◆ GOAL OF THE EXERCISE
Whenever a line in this data holds the word "lemma", report that line in full.
═════ DATASET ═════
lemma cost_step_value:
  assumes "0 < p" and "0 < k"
    and "2 \<le> k \<longrightarrow> of_int N = wt V0 E \<gamma> (of_nat p / of_nat q) (k - 1) w * of_nat p ^ (k - 2)"
  shows "of_int (fst (cost_step \<gamma> p q k v w N)) / of_int (fst (snd (cost_step \<gamma> p q k v w N)))
    = costk V0 E \<gamma> (of_nat p / of_nat q) k v w"
proof (cases "k = 1")
  case False
  then obtain j where k: "k = Suc (Suc j)"
    using assms(2) by (metis One_nat_def gr0_implies_Suc not0_implies_Suc)
  show ?thesis
    using assms(1,3) unfolding k cost_step_def by (simp add: Let_def field_simps)
qed (simp add: cost_step_def)

lemma bitcost_polynomial_le:
  fixes J bp bm :: nat
  assumes "1 \<le> J" and "1 \<le> bp" and "1 \<le> bm"
  shows "bp * (J * bp) + bm * (J * bp) + bp * (bm + J + J * bp)
      + (bm + J * bp + (bp + (bm + J + J * bp))) \<le> 9 * J * bp * (bm + bp)"
proof -
  have "J * bp \<le> J * bp * bp" "bm \<le> J * bp * bm" "bp * bm \<le> J * bp * bm"
    "bp \<le> J * bp * bm" "J \<le> J * bp * bm"
    using assms by simp_all
  then show ?thesis
    by (simp only: algebra_simps)
qed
═════
◆ SOLUTION TO THE PROBLEM
lemma cost_step_value:
lemma bitcost_polynomial_le:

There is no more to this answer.